■ **Problem**
Whenever a line in this data holds the word "cong", report that line in full.

■ **Data in this exercise**
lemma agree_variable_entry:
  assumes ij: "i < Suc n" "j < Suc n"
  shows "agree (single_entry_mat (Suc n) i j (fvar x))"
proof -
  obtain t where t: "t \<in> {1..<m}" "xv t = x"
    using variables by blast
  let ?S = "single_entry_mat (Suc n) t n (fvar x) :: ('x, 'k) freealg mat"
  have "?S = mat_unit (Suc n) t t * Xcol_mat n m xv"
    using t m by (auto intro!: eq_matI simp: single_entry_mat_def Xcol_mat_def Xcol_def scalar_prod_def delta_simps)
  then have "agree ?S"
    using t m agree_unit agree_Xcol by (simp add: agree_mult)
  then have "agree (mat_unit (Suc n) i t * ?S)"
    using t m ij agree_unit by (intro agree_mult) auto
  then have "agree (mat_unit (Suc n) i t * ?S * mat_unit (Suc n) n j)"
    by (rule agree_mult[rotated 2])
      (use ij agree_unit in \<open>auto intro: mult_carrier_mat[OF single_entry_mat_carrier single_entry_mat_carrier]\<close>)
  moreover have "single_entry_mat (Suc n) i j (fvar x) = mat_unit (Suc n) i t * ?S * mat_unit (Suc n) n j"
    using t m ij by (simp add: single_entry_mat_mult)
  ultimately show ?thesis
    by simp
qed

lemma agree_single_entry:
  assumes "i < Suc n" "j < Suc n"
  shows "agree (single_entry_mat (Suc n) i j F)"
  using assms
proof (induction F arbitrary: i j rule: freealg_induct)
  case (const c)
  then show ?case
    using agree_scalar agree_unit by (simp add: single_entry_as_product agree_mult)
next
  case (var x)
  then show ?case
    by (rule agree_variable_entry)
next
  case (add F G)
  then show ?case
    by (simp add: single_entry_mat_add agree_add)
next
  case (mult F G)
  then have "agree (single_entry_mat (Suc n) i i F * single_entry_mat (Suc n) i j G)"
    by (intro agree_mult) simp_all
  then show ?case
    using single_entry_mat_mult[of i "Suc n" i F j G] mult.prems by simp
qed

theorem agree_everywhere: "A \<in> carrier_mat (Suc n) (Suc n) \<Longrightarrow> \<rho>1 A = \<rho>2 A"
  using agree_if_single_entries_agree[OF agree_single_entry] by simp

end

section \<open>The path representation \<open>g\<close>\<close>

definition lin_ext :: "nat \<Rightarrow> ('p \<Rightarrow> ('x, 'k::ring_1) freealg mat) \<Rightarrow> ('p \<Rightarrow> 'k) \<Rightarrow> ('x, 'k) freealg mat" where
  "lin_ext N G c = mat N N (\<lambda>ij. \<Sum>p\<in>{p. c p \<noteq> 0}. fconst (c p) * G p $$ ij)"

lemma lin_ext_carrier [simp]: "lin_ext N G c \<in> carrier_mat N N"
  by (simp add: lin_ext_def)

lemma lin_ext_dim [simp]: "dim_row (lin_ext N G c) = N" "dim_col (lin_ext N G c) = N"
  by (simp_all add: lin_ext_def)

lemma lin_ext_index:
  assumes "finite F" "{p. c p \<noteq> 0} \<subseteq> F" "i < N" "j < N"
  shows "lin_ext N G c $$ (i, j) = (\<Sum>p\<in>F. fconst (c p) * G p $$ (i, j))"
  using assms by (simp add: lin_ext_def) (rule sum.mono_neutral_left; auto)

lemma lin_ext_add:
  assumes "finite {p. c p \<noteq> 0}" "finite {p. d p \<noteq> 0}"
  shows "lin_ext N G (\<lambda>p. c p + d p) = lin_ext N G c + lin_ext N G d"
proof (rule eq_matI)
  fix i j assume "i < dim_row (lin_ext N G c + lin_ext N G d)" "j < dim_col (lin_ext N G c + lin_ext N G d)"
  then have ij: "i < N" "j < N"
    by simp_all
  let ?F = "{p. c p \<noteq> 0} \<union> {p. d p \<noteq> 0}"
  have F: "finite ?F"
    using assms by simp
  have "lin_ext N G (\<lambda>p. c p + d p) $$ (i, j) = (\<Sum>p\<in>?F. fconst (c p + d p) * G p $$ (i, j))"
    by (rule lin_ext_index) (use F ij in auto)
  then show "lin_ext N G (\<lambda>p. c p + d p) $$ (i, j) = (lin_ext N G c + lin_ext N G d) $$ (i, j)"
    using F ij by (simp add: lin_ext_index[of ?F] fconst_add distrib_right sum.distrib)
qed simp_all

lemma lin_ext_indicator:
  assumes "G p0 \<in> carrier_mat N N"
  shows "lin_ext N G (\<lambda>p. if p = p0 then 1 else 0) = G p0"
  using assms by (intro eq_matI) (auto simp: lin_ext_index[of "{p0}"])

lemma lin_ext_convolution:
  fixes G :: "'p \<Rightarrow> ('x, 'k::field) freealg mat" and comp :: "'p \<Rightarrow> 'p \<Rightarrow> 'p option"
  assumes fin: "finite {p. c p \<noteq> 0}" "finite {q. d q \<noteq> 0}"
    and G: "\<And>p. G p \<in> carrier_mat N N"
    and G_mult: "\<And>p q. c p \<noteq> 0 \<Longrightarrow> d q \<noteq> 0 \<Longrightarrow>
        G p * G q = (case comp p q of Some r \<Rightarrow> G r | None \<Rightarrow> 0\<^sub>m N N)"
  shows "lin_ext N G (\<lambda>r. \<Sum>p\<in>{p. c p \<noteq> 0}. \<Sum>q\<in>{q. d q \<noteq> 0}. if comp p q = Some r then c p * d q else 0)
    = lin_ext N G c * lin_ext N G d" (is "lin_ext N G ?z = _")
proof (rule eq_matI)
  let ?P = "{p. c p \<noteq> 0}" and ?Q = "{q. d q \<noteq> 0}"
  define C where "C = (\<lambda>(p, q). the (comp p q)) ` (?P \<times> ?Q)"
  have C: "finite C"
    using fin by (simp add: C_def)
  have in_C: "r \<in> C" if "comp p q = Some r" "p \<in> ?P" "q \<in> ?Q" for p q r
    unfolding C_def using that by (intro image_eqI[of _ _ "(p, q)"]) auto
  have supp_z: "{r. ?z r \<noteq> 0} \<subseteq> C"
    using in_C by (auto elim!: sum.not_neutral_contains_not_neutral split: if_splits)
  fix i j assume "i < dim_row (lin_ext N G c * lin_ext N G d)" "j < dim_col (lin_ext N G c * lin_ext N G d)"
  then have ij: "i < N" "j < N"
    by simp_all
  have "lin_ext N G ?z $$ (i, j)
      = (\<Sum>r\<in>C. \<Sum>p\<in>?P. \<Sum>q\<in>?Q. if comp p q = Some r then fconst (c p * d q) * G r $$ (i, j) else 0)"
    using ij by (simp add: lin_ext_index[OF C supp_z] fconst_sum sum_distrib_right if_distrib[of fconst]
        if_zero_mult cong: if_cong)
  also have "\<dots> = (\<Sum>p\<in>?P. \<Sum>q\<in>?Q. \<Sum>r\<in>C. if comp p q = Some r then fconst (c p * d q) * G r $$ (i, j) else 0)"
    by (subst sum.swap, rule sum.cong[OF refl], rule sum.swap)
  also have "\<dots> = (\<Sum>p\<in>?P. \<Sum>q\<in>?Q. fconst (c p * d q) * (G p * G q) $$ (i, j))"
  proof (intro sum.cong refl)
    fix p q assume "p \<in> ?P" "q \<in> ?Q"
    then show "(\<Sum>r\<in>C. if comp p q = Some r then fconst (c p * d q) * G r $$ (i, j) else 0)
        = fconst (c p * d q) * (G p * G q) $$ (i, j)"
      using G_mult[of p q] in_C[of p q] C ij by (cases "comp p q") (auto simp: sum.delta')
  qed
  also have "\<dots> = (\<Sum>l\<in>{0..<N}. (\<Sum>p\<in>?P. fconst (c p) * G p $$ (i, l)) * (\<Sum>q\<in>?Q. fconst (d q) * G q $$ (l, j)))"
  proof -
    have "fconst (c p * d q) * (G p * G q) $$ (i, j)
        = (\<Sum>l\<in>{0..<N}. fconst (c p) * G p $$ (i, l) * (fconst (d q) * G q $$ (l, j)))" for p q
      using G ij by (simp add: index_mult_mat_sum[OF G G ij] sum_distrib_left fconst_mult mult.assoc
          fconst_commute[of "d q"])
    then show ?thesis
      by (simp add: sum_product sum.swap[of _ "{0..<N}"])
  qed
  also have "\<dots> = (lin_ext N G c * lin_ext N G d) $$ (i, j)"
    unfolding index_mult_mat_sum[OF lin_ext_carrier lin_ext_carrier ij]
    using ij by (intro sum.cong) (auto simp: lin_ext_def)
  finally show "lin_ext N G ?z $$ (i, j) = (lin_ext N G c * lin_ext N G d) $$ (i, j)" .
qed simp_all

■ **Result of this task**
        if_zero_mult cong: if_cong)
    by (subst sum.swap, rule sum.cong[OF refl], rule sum.swap)
  proof (intro sum.cong refl)
    using ij by (intro sum.cong) (auto simp: lin_ext_def)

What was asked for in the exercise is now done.